My wife asked puzzled. Yes, he replied. The "birdies" made a whooshing
sound and flew into the garage. They took care of me. They did? Yes, he said.
One of the "birdies" came and got you. She came to tell you I got stuck
under the door.
A sweet reverent feeling filled the room. The spirit was so strong and yet lighter
than air. My wife realized that a three year-old had no concept of death and spirits,
so he was referring to the beings who came to him from beyond as "birdies"
because they were up in the air like birds that fly. What did the "birdies"
look like? She asked. Brian answered. They were so beautiful. They were dressed
in white all white. Some of them had green and white. But some of them had on
just white. Did they say anything? Yes, he answered. They told me the baby would
be all right. The "baby"? my wife asked confused. And Brian answered.
The baby lying on the garage floor. He went on, You came out and opened the garage
door and ran to the baby. You told the baby to stay and not leave.
My wife nearly collapsed upon hearing this, for she had indeed gone and knelt
beside Brian's body and seeing his crushed chest and unrecognizable features,
knowing he was already dead, she looked up around her and whispered, Don't leave
us Brian, please stay if you can. As she listened to Brian telling her the words
she had spoken, she realized that the spirit had left his body and was looking
down from above on this little lifeless form. Then what happened? She asked. We
went on a trip. he said, far, far away. He grew agitated trying to say the things
he didn't seem to have the words for. My wife tried to calm and comfort him, and
let him know it would be okay. He struggled with wanting to tell something that
obviously was very important to him, but finding the words was difficult. We flew
so fast up in the air. They're so pretty Mommy, he added. And there are lots and
lots of "birdies."
My wife was stunned. Into her mind the sweet comforting spirit enveloped her more
soundly, but with an urgency she had never before known. Brian went on to tell
her that the '"birdies"' had told him that he had to come back and tell
everyone about the "birdies." He said they brought him back to the house
and that a big fire truck and an ambulance were there. A man was bringing the
baby out on a white bed and he tried to tell the man the baby would be okay, but
the man couldn't hear him. He said, "Birdies" told him he had to go
with the ambulance, but they would be near him. He said, they were so pretty and
so peaceful, and he didn't want to come back.

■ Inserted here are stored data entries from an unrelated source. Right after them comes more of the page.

theorem lemma6p3:
  fixes M :: "'w measure"
    and X :: "bool list \<Rightarrow> 'w \<Rightarrow> 'a::euclidean_space"
    and p :: "'a \<Rightarrow> 'a \<Rightarrow> 'a \<Rightarrow> real"
    and \<nu> :: "'a measure"
    and F :: "('a \<Rightarrow> real) set"
    and mu :: "'a \<Rightarrow> real"
    and V :: "'a \<Rightarrow> real"
    and \<alpha> M0 C0 \<gamma> :: real
    and K0 :: "'a \<Rightarrow> real"
    and x x0 x1 :: 'a
    and pp :: "nat \<Rightarrow> nat"
  assumes
    \<comment> \<open>(H3) kernel with Lebesgue density p\<close>
    p_nonneg: "\<And>y y0 y1. 0 \<le> p y y0 y1"
    and p_meas: "(\<lambda>(y, y0, y1). p y y0 y1) \<in> borel_measurable borel"
    and p_prob: "\<And>y. prob_space (Pmeas p y)"
    \<comment> \<open>X is a BMC with kernel P and initial law nu\<close>
    and bmc: "BMC M X p \<nu>"
    \<comment> \<open>(H1)\<close>
    and F_meas: "F \<subseteq> borel_measurable borel"
    and F_add: "\<And>f g. f \<in> F \<Longrightarrow> g \<in> F \<Longrightarrow> (\<lambda>y. f y + g y) \<in> F"
    and F_scale: "\<And>c f. f \<in> F \<Longrightarrow> (\<lambda>y. c * f y) \<in> F"
    and F_const: "\<And>c. (\<lambda>_. c) \<in> F"
    and F_sq: "\<And>f. f \<in> F \<Longrightarrow> (\<lambda>y. (f y)\<^sup>2) \<in> F"
    and F_nu: "\<And>f. f \<in> F \<Longrightarrow> integrable \<nu> f"
    and F_P_int: "\<And>f0 f1 y. f0 \<in> F \<Longrightarrow> f1 \<in> F \<Longrightarrow>
                     integrable (Pmeas p y) (\<lambda>z. f0 (fst z) * f1 (snd z))"
    and F_P: "\<And>f0 f1. f0 \<in> F \<Longrightarrow> f1 \<in> F \<Longrightarrow> Pk p (\<lambda>_ a b. f0 a * f1 b) \<in> F"
    \<comment> \<open>(H2) and (H3) for mu\<close>
    and mu_nonneg: "\<And>y. 0 \<le> mu y"
    and mu_meas: "mu \<in> borel_measurable borel"
    and mu_prob: "prob_space (mumeas mu)"
    and F_mu: "\<And>f. f \<in> F \<Longrightarrow> integrable (mumeas mu) f"
    and Q_conv: "\<And>f y. f \<in> F \<Longrightarrow> (\<lambda>n. (Qop p ^^ n) f y) \<longlonglongrightarrow> pairing mu f"
    and Q_dom: "\<And>f. f \<in> F \<Longrightarrow> \<exists>g\<in>F. \<forall>n y. \<bar>(Qop p ^^ n) f y\<bar> \<le> g y"
    and V_F: "V \<in> F"
    and V_ge: "\<And>y. 1 \<le> V y"
    and alpha: "0 < \<alpha>" "\<alpha> < 1"
    and geom: "\<And>f n y. f \<in> borel_measurable borel \<Longrightarrow> (\<forall>z. \<bar>f z\<bar> \<le> V z) \<Longrightarrow>
                 \<bar>(Qop p ^^ n) f y - pairing mu f\<bar> \<le> M0 * \<alpha> ^ n * V y"
    \<comment> \<open>(H4)\<close>
    and H4: "\<And>y y0 y1. mu y + qdens p y y0 + p y y0 y1 \<le> C0"
    \<comment> \<open>(H5)\<close>
    and gamma: "0 < \<gamma>" "\<gamma> < 1 / (3 * real DIM('a))"
    and gamma_alpha: "2 * \<alpha>\<^sup>2 < 2 powr (3 * real DIM('a) * \<gamma>)"
    and K0_meas: "K0 \<in> borel_measurable borel"
    and K0_bdd: "bounded (range K0)"
    and K0_int: "integrable lborel K0"
    and K0_one: "(\<integral>u. K0 u \<partial>lborel) = 1"
    \<comment> \<open>fixed point\<close>
    and mu_x: "0 < mu x"
    \<comment> \<open>the sequence p_n\<close>
    and pp_mono: "\<And>n. 2 \<le> n \<Longrightarrow> pp n \<le> pp (Suc n)"
    and pp_pos: "\<And>n. 2 \<le> n \<Longrightarrow> 0 < pp n"
    and pp_lt: "\<And>n. 2 \<le> n \<Longrightarrow> pp n < n"
    and pp_ratio: "(\<lambda>n. real (pp n) / real n) \<longlonglongrightarrow> 1"
    and pp_log: "\<And>lam. 0 < lam \<Longrightarrow> filterlim (\<lambda>n. real n - real (pp n) - lam * ln (real n)) at_top sequentially"
  shows "(\<lambda>n. \<integral>\<^sup>+ \<omega>. ennreal (R2 X p mu K0 \<gamma> x x0 x1 pp n \<omega>) \<partial>M) \<longlonglongrightarrow> 0"
proof -
  interpret bounded_density_kernel p mu C0
    by (rule bounded_density_kernel.intro) (fact p_nonneg p_meas p_prob mu_nonneg mu_meas mu_prob H4)+
  interpret geometrically_ergodic_kernel p mu C0 V M0 \<alpha>
    by unfold_locales (fact V_ge alpha geom)+
  interpret bifurcating_markov_chain p mu C0 M X \<nu>
    by unfold_locales (fact bmc)
  interpret kernel_stable_class p F
    by unfold_locales (fact F_meas F_add F_scale F_const F_P_int F_P)+
  obtain B where KB: "\<And>u. \<bar>K0 u\<bar> \<le> B"
    using K0_bdd unfolding bounded_iff by auto
  obtain g where "g \<in> F" and g: "\<And>n y. \<bar>(Qop p ^^ n) (\<lambda>y. (V y)\<^sup>2) y\<bar> \<le> g y"
    using Q_dom[OF F_sq[OF V_F]] by blast
  define \<kappa> where "\<kappa> = 3 * real DIM('a) * \<gamma>"
  define c where "c n = 2 * B ^ 3 * 2 powr (\<kappa> * real n / 2)
      + real (pp n) * (2 * \<bar>M0\<bar> * (3 * C0 * C0 * (\<integral>u. \<bar>K0 u\<bar> \<partial>lborel) ^ 3 + 1))
        * 2 powr (- (\<kappa> * real n) / 2) * max 1 (2 * \<alpha>) ^ pp n" for n
  show ?thesis
  proof (rule tendsto_nn_integral_R2)
    show "eventually (\<lambda>n. pp n \<le> n) sequentially"
      using eventually_ge_at_top[of 2] by eventually_elim (simp add: less_imp_le pp_lt)
    show "V \<in> borel_measurable borel" using F_meas V_F by blast
    show "\<bar>\<Sum>k=0..pp n. 2 ^ (pp n - k) * (Qop p ^^ (pp n - k)) (Pk p (ftil p mu K0 \<gamma> x x0 x1 n)) y\<bar>
        \<le> c n * V y" for n y
      unfolding c_def \<kappa>_def by (rule abs_sum_scaled_Qop_funpow_Pk_ftil_le[OF K0_meas KB K0_int])
    show "(\<integral>\<^sup>+\<omega>. (\<Sum>i\<in>Gen m. ennreal ((V (X i \<omega>))\<^sup>2)) \<partial>M) \<le> ennreal (2 ^ m * (\<integral>y. g y \<partial>\<nu>))" for m
      using g[of m]
      by (intro nn_integral_sum_Gen_le_stable_class[OF kernel_stable_class_axioms F_sq[OF V_F]]
          F_nu[OF \<open>g \<in> F\<close>]) (auto intro: order.trans[OF abs_ge_self])
    have "0 < \<kappa>" "\<kappa> < 1"
      using gamma DIM_positive[where 'a='a] by (auto simp: \<kappa>_def field_simps)
    then show "(\<lambda>n. (c n)\<^sup>2 / 2 ^ pp n) \<longlonglongrightarrow> 0"
      unfolding c_def using alpha gamma_alpha pp_ratio \<open>eventually (\<lambda>n. pp n \<le> n) sequentially\<close>
      by (intro tendsto_bound_sq_div_2pow) (simp_all add: \<kappa>_def)
  qed
qed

And then the bright light came. He said that the light was so bright and so warm,
and he loved the bright light so much. Someone was in the bright light and put
their arms around him, and told him, I love you but you have to go back. You have
to play baseball, and tell everyone about the "birdies." Then the person
in the bright light kissed him and waved bye-bye. Then whoosh, the big sound came
and they went into the clouds. The story Brian was telling went on for an hour.

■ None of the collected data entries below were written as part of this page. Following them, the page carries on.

(* Let $d\in\mathbb N$ and equip $\mathcal M_d$ with the entrywise norm $\|A\|_{\ell_p}=(\sum_{i,j}|A_{ij}|^p)^{1/p}$. Let $\mathcal S\subseteq\mathcal M_d$ be bounded, $A\in\operatorname{conv}(\mathcal S)$. Then there is a sequence $(X_i)_{i\ge1}\subseteq\mathcal S$ such that $A_k=\frac1k\sum_{i=1}^kX_i$ satisfies, for all $k\ge1$, $\|A-A_k\|_{\ell_p}\le \frac{2e^2}{p^{1/p}}k^{1/p-1}\operatorname{diam}(\mathcal S)$ if $1<p\le2$, and $\|A-A_k\|_{\ell_p}\le e^2\sqrt{2(p-1)/k}\,\operatorname{diam}(\mathcal S)$ if $p\ge 2$ (diameters taken in $\|\cdot\|_{\ell_p}$). Equivalently, for every $\epsilon>0$ there is $B$ with $\|A-B\|_{\ell_p}\le\epsilon$ which is an average of at most $\lceil C_p(\operatorname{diam}(\mathcal S)/\epsilon)^{p/(p-1)}\rceil$ points of $\mathcal S$ if $1<p\le 2$, resp. at most $\lceil D_p(\operatorname{diam}(\mathcal S)/\epsilon)^{2}\rceil$ points if $p\ge2$, where $C_p=(2e^2/p^{1/p})^{p/(p-1)}$ and $D_p=2(p-1)e^4$.
   Context: $\mathcal M_d$ denotes complex $d\times d$ matrices; $\operatorname{conv}$ denotes convex hull. *)

theory Defs
  imports "HOL-Analysis.Analysis"
begin

definition lp_norm :: "real \<Rightarrow> complex ^ 'n ^ 'n \<Rightarrow> real" where
  "lp_norm p A = (\<Sum>i\<in>UNIV. \<Sum>j\<in>UNIV. cmod (A $ i $ j) powr p) powr (1 / p)"

definition lp_diam :: "real \<Rightarrow> (complex ^ 'n ^ 'n) set \<Rightarrow> real" where
  "lp_diam p S = (SUP x\<in>S. SUP y\<in>S. lp_norm p (x - y))"

end

theory Submission
  imports Defs
begin

text \<open>
  Write A as a finite convex combination \<Sum>s u_s s of points of S. The points X_i are chosen
  greedily: X_(k+1) minimises \<Phi>(E_k + (A - X_(k+1))), where E_k = \<Sum>i\<le>k (A - X_i) and \<Phi> is a
  potential. The increments A - s have u-mean zero, so the minimum is at most the u-average,
  and for a sufficiently smooth \<Phi> that average is at most \<Phi>(E_k) + K; hence \<Phi>(E_k) \<le> k K.
  For 1 < p \<le> 2 take \<Phi> = \<parallel>\<cdot>\<parallel>_p^p: the pointwise inequality
  |a + b|^p \<le> |a|^p + p |a|^(p-2) Re(conj(a) b) + 6 |b|^p gives K = 6 diam^p.
  For p \<ge> 2 take \<Phi> = \<parallel>\<cdot>\<parallel>_p^2, which is 2-uniformly smooth with constant p - 1 (a second-order
  Taylor bound combined with Hoelder's inequality), giving K = (p - 1) diam^2.
  Dividing by k gives the rates; the constants of the statement are generous.
\<close>

lemma powr_le_tangent:
  fixes q s s0 :: real
  assumes q: "0 < q" "q \<le> 1" and s: "0 \<le> s" and s0: "0 < s0"
  shows "s powr q \<le> s0 powr q + q * s0 powr (q - 1) * (s - s0)"
proof -
  have e1: "s0 powr (q - 1) * s0 = s0 powr q"
    using powr_add[of s0 "q - 1" 1] s0 by simp
  have e2: "s0 powr (1 - q) * s0 powr (q - 1) = 1"
    using s0 by (simp add: powr_add[symmetric])
  show ?thesis
  proof (cases "s = 0")
    case True
    have "0 \<le> (1 - q) * s0 powr q" using q by simp
    then show ?thesis using True e1 by (simp add: algebra_simps)
  next
    case False
    with s have sp: "0 < s" by simp
    have Young: "s powr q * s0 powr (1 - q) \<le> q * s + (1 - q) * s0"
      using Youngs_inequality_0[of q "1 - q" s s0] q sp s0 by simp
    have "s powr q = s powr q * s0 powr (1 - q) * s0 powr (q - 1)"
      using e2 by (simp add: mult.assoc)
    also have "\<dots> \<le> (q * s + (1 - q) * s0) * s0 powr (q - 1)"
      using Young by (rule mult_right_mono) simp
    also have "\<dots> = s0 powr q + q * s0 powr (q - 1) * (s - s0)"
      using e1 by (simp add: algebra_simps)
    finally show ?thesis .
  qed
qed
theorem mainTheorem2:
  fixes \<mu> :: "real measure" and P :: "nat \<Rightarrow> real measure" and \<alpha> \<beta> :: real
  assumes "prob_space \<mu>" and "sets \<mu> = sets borel"
    and "integrable \<mu> (\<lambda>x. x ^ 2)"
    and "(\<integral>x. x \<partial>\<mu>) = 0"
    and "(\<integral>x. x ^ 2 \<partial>\<mu>) = 1"
    and "free_powers \<mu> P"
    and "\<alpha> > 0" and "\<beta> > 0"
  shows "(\<exists>N. \<forall>n\<ge>N.
      (\<forall>z\<in>trunc_cone \<alpha> \<beta>. complex_of_real (sqrt (real n)) * z \<in> phi_dom \<mu>) \<and>
      (\<forall>z\<in>trunc_cone \<alpha> \<beta>. z \<in> phi_dom (normalized_power P n) \<longrightarrow>
         complex_of_real (sqrt (real n)) * voiculescu \<mu> (complex_of_real (sqrt (real n)) * z)
           = voiculescu (normalized_power P n) z)) \<and>
    ((\<lambda>n. SUP z\<in>trunc_cone \<alpha> \<beta>.
            ereal (cmod (complex_of_real (sqrt (real n)) *
               voiculescu \<mu> (complex_of_real (sqrt (real n)) * z) - 1 / z)))
         \<longlonglongrightarrow> 0)"
proof -
  interpret standardized_measure \<mu>
    using assms(1-5) unfolding standardized_measure_def by blast
  have "\<exists>N. \<forall>n\<ge>N.
      (\<forall>z\<in>trunc_cone \<alpha> \<beta>. complex_of_real (sqrt (real n)) * z \<in> phi_dom \<mu>) \<and>
      (\<forall>z\<in>trunc_cone \<alpha> \<beta>. z \<in> phi_dom (normalized_power P n) \<longrightarrow>
         complex_of_real (sqrt (real n)) * voiculescu \<mu> (complex_of_real (sqrt (real n)) * z)
           = voiculescu (normalized_power P n) z)"
    using scaled_voiculescu_eq_eventually[OF assms(6-8)] by (auto simp: eventually_sequentially)
  moreover have "trunc_cone \<alpha> \<beta> \<noteq> {}"
    using assms(8) by (auto simp: trunc_cone_def norm_mult intro!: exI[of _ "\<i> * of_real (\<beta> + 1)"])
  then have "(\<lambda>n. SUP z\<in>trunc_cone \<alpha> \<beta>.
            ereal (cmod (complex_of_real (sqrt (real n)) *
               voiculescu \<mu> (complex_of_real (sqrt (real n)) * z) - 1 / z))) \<longlonglongrightarrow> 0"
    by (rule tendsto_SUP_ereal_0) (auto intro: scaled_voiculescu_uniform[OF assms(7,8)])
  ultimately show ?thesis by blast
qed

end
theorem mainTheorem13:
  fixes M :: "'a measure" and n :: nat
    and L :: "nat \<Rightarrow> real \<Rightarrow> real" and w :: "nat \<Rightarrow> 'a set \<Rightarrow> real"
  assumes "n \<ge> 1"
    and "\<forall>i<n. L i \<in> H_I"
    and "\<forall>i<n. 0 < lam_minus (L i) \<and> lam_minus (L i) \<le> lam_plus (L i) \<and> lam_plus (L i) < 1"
    and "\<forall>i<n. capacity M (w i) \<and> continuous_capacity M (w i) \<and> subadditive_capacity M (w i)"
  shows "(kappa M n L w < 1 \<longrightarrow> (\<forall>X\<in>borel_measurable M. Gamma M n L w X = -\<infinity>))
       \<and> (kappa M n L w > 1 \<longrightarrow> (\<forall>X\<in>borel_measurable M. Gamma M n L w X > -\<infinity>))"
proof -
  have n: "0 < n" using assms(1) by simp
  have Lambda: "\<And>i. i < n \<Longrightarrow> L i \<in> H_I" "\<And>i. i < n \<Longrightarrow> 0 < lam_minus (L i)"
    using assms(2,3) by auto
  have cap: "\<And>i. i < n \<Longrightarrow> capacity M (w i)" "\<And>i. i < n \<Longrightarrow> continuous_capacity M (w i)"
    "\<And>i. i < n \<Longrightarrow> subadditive_capacity M (w i)"
    using assms(4) by auto
  show ?thesis
  proof (intro conjI impI ballI)
    show "Gamma M n L w X = - \<infinity>" if "kappa M n L w < 1" "X \<in> borel_measurable M" for X
      by (rule Gamma_eq_minf_if_kappa_less_1) (simp_all add: n Lambda cap that)
    show "Gamma M n L w X > - \<infinity>" if "kappa M n L w > 1" "X \<in> borel_measurable M" for X
    proof (rule ccontr)
      assume "\<not> Gamma M n L w X > - \<infinity>"
      then have minf: "Gamma M n L w X = - \<infinity>" by (cases "Gamma M n L w X") auto
      have "kappa M n L w \<le> 1"
        by (rule kappa_le_1_if_Gamma_minf[where X = X]) (simp_all add: n Lambda cap that(2) minf)
      with that(1) show False by simp
    qed
  qed
qed

end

He taught us that "birdies" were always with us, but we don't see them
because we look with our eyes and we don't hear them because we listen with our
ears. But they are always there, you can only see them in here (he put his hand
over his heart).
They whisper the things to help us to do what is right because they love us so
much. Brian continued, stating I have a plan. Mommy, you have a plan. Daddy has
a plan. Everyone has a plan. We must all live our plan and keep our promises.

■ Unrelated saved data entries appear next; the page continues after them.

(* Let $p,q\in\mathbb{N}$ be co-prime with $p/q\in[0,1]$. For $n\ge2$ let $Z_n=\{z\in B^n:\ p\sum_{i=1}^n\alpha_i2^{-i}-q\sum_{i=1}^n\beta_i2^{-i}=0\}$, where $z_i=(\alpha_i,\beta_i)$. Then $$\log\frac{\mathcal{N}_n(D,D')}{\mathcal{N}_{n-1}(D,D')}\le\sum_{x\in Z_n}\sup_{y\in[x]}\phi(y).$$
   Context: $D=\{0,1,p/q\}$, $D'=\{\frac{x+i}{2}:i\in D\}$, and $\mathcal{N}_n(D,D')$ is the number of pairs $(a,b)\in D^n\times D^n$ with $\sum_{i=1}^na_i2^{-i}=\sum_{i=1}^nb_i2^{-i}$ (equivalently $F_a=F_b$ where $F_a=F_{a_1}\circ\cdots\circ F_{a_n}$, $F_i(x)=\frac{x+i}2$). $B=\{(0,0),(1,0),(0,1),(1,1)\}$, ordered this way to index rows/columns $1,\dots,4$; for $x\in B^n$, $[x]=\{\omega\in B^{\mathbb{N}}:\omega_1\cdots\omega_n=x\}$. The matrices are $A_{(0,0)}=\begin{pmatrix}3&1&1&1\\0&1&0&0\\0&0&1&0\\0&0&0&1\end{pmatrix}$, $A_{(1,0)}=\begin{pmatrix}1&0&1&0\\1&3&0&1\\0&0&0&0\\0&0&1&1\end{pmatrix}$, $A_{(0,1)}=\begin{pmatrix}1&1&0&0\\0&0&0&0\\1&0&3&1\\0&1&0&1\end{pmatrix}$, $A_{(1,1)}=\begin{pmatrix}1&0&0&0\\0&1&0&0\\0&0&1&0\\1&1&1&3\end{pmatrix}$, and for $z\in B^{\mathbb{N}}$, $$\phi(z)=\limsup_{n\to\infty}\log\frac{(1,1,1,1)A_{z_1}A_{z_2}\cdots A_{z_n}(1,0,0,0)^T}{(1,1,1,1)A_{z_2}A_{z_3}\cdots A_{z_n}(1,0,0,0)^T}.$$ *)

theory Defs
  imports "HOL-Analysis.Analysis"
begin

definition digitD :: "nat \<Rightarrow> nat \<Rightarrow> real set" where
  "digitD p q = {0, 1, real p / real q}"

text \<open>N_n(D,D'): number of pairs (a,b) in D^n x D^n with equal dyadic sums
  sum_{i=1}^n a_i 2^{-i} = sum_{i=1}^n b_i 2^{-i}.  Words are lists, a!i = a_{i+1}.\<close>
definition dyadic_sum :: "real list \<Rightarrow> real" where
  "dyadic_sum a = (\<Sum>i<length a. a ! i / 2 ^ (i + 1))"

definition countN :: "nat \<Rightarrow> nat \<Rightarrow> nat \<Rightarrow> nat" where
  "countN p q n = card {(a, b). length a = n \<and> set a \<subseteq> digitD p q \<and>
                               length b = n \<and> set b \<subseteq> digitD p q \<and>
                               dyadic_sum a = dyadic_sum b}"

text \<open>Alphabet B = {(0,0),(1,0),(0,1),(1,1)}; matrix indices 1..4 are 0..3 here.\<close>
definition alphB :: "(nat \<times> nat) set" where
  "alphB = {(0,0), (1,0), (0,1), (1,1)}"

definition Amat :: "nat \<times> nat \<Rightarrow> nat \<Rightarrow> nat \<Rightarrow> real" where
  "Amat z i j =
     (if z = (0,0) then [[3,1,1,1],[0,1,0,0],[0,0,1,0],[0,0,0,1]] ! i ! j
      else if z = (1,0) then [[1,0,1,0],[1,3,0,1],[0,0,0,0],[0,0,1,1]] ! i ! j
      else if z = (0,1) then [[1,1,0,0],[0,0,0,0],[1,0,3,1],[0,1,0,1]] ! i ! j
      else if z = (1,1) then [[1,0,0,0],[0,1,0,0],[0,0,1,0],[1,1,1,3]] ! i ! j
      else 0)"

definition vecmat :: "(nat \<Rightarrow> real) \<Rightarrow> (nat \<Rightarrow> nat \<Rightarrow> real) \<Rightarrow> nat \<Rightarrow> real" where
  "vecmat v M = (\<lambda>j. \<Sum>i<4. v i * M i j)"

definition word_val :: "(nat \<times> nat) list \<Rightarrow> real" where
  "word_val ws = foldl (\<lambda>v a. vecmat v (Amat a)) (\<lambda>_. 1) ws 0"

text \<open>phi(z) for z in B^N (z 0 = z_1), as an extended real limsup.\<close>
definition phi :: "(nat \<Rightarrow> nat \<times> nat) \<Rightarrow> ereal" where
  "phi z = limsup (\<lambda>n. ereal (ln (word_val (map z [0..<n]) / word_val (map z [1..<n]))))"

definition cyl :: "(nat \<times> nat) list \<Rightarrow> (nat \<Rightarrow> nat \<times> nat) set" where
  "cyl x = {\<omega>. (\<forall>k. \<omega> k \<in> alphB) \<and> (\<forall>i<length x. \<omega> i = x ! i)}"

definition Zset :: "nat \<Rightarrow> nat \<Rightarrow> nat \<Rightarrow> (nat \<times> nat) list set" where
  "Zset p q n = {z. length z = n \<and> set z \<subseteq> alphB \<and>
      real p * (\<Sum>i<n. real (fst (z ! i)) / 2 ^ (i + 1))
      - real q * (\<Sum>i<n. real (snd (z ! i)) / 2 ^ (i + 1)) = 0}"

end

theory Submission
  imports Defs
begin

text \<open>
  Every column of every matrix A_z sums to at least 2, so prepending a letter at least
  doubles (1,1,1,1) A_z1 ... A_zk (1,0,0,0)^T; hence phi >= ln 2 on B^N, and the entry 3 of
  A_(0,0) gives phi >= ln 3 on the zero sequence. The right-hand side is therefore at least
  ln (3 * 2^(|Z_n| - 1)), and Z_n contains, for every t with t q < 2^n, the word whose two
  coordinates are the binary expansions of t q / 2^n and t p / 2^n.

  Splitting off the last digits writes N_n as a sum, over the nine pairs (x, y) of last
  digits, of the number of pairs of words of length n - 1 whose dyadic sums differ by
  (y - x) / 2^n. Each of these numbers is at most N_(n-1) by Cauchy-Schwarz. For x ~= y,
  clearing denominators and using that p and q are coprime shows that it vanishes when
  2^n <= q, and, when 2^n <= 2 q, unless the parities of the coefficients of x - y with
  respect to 1 and p/q are those of p and q. So N_n / N_(n-1) is at most 3, 5 or 9 in the
  three ranges of q, and in each range this is at most 3 * 2^(|Z_n| - 1).
\<close>

section \<open>Lower bounds for phi\<close>

definition vec_word :: "(nat \<Rightarrow> real) \<Rightarrow> (nat \<times> nat) list \<Rightarrow> nat \<Rightarrow> real" where
  "vec_word u ws = foldl (\<lambda>v a. vecmat v (Amat a)) u ws"

lemma vec_word_Cons: "vec_word u (a # ws) = vec_word (vecmat u (Amat a)) ws"
  by (simp add: vec_word_def)

lemma word_val_eq_vec_word: "word_val ws = vec_word (\<lambda>_. 1) ws 0"
  by (simp add: word_val_def vec_word_def)

lemma less_4_cases: "(i::nat) < 4 \<Longrightarrow> i = 0 \<or> i = 1 \<or> i = 2 \<or> i = 3"
  by auto

lemma sum_lessThan_4: "(\<Sum>i<4. f i) = f 0 + f 1 + f 2 + f 3" for f :: "nat \<Rightarrow> real"
  by (simp add: eval_nat_numeral)

lemma Amat_nonneg: "i < 4 \<Longrightarrow> j < 4 \<Longrightarrow> 0 \<le> Amat z i j"
  using less_4_cases[of i] less_4_cases[of j] by (auto simp: Amat_def)

lemma Amat_column_sum_ge_2: "z \<in> alphB \<Longrightarrow> j < 4 \<Longrightarrow> 2 \<le> vecmat (\<lambda>_. 1) (Amat z) j"
  using less_4_cases[of j] by (auto simp: vecmat_def sum_lessThan_4 Amat_def alphB_def)

lemma vec_word_mono_scaled:
  assumes "\<forall>i<4. c * u i \<le> v i" and "j < 4"
  shows "c * vec_word u ws j \<le> vec_word v ws j"
  using assms
proof (induction ws arbitrary: u v)
  case Nil
  then show ?case by (simp add: vec_word_def)
next
  case (Cons a ws)
  have "c * vecmat u (Amat a) i \<le> vecmat v (Amat a) i" if "i < 4" for i
  proof -
    have "c * vecmat u (Amat a) i = (\<Sum>k<4. (c * u k) * Amat a k i)"
      by (simp add: vecmat_def sum_distrib_left mult.assoc)
    also have "\<dots> \<le> (\<Sum>k<4. v k * Amat a k i)"
      by (intro sum_mono mult_right_mono) (use Cons.prems Amat_nonneg that in auto)
    finally show ?thesis by (simp add: vecmat_def)
  qed
  then show ?case using Cons by (simp add: vec_word_Cons)
qed

lemma word_val_Cons_ge: "a \<in> alphB \<Longrightarrow> 2 * word_val ws \<le> word_val (a # ws)"
  unfolding word_val_eq_vec_word vec_word_Cons
  by (rule vec_word_mono_scaled) (use Amat_column_sum_ge_2 in auto)

lemma word_val_ge_power: "set ws \<subseteq> alphB \<Longrightarrow> 2 ^ length ws \<le> word_val ws"
proof (induction ws)
  case Nil
  then show ?case by (simp add: word_val_def)
next
  case (Cons a ws)
  then show ?case using word_val_Cons_ge[of a ws] by simp
qed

The "birdies" help us to do that cause they love us so much. In the
weeks that followed, he often came to us and told all or parts of his story, again
and again. Always the story remained the same. The details were never changed
or out of order.
A few times he added further bits of information and clarified the message he
had already delivered. It never ceased to amaze us how he could tell such detail
and speak beyond his ability when he spoke of his birdies." Everywhere he
went, he told strangers about the "birdies." Surprisingly, no one ever
looked at him strangely when he did this. Rather, they always get a softened look
on their face and smile. Needless to say, we have not been the same ever since
that day, and I pray we never will be.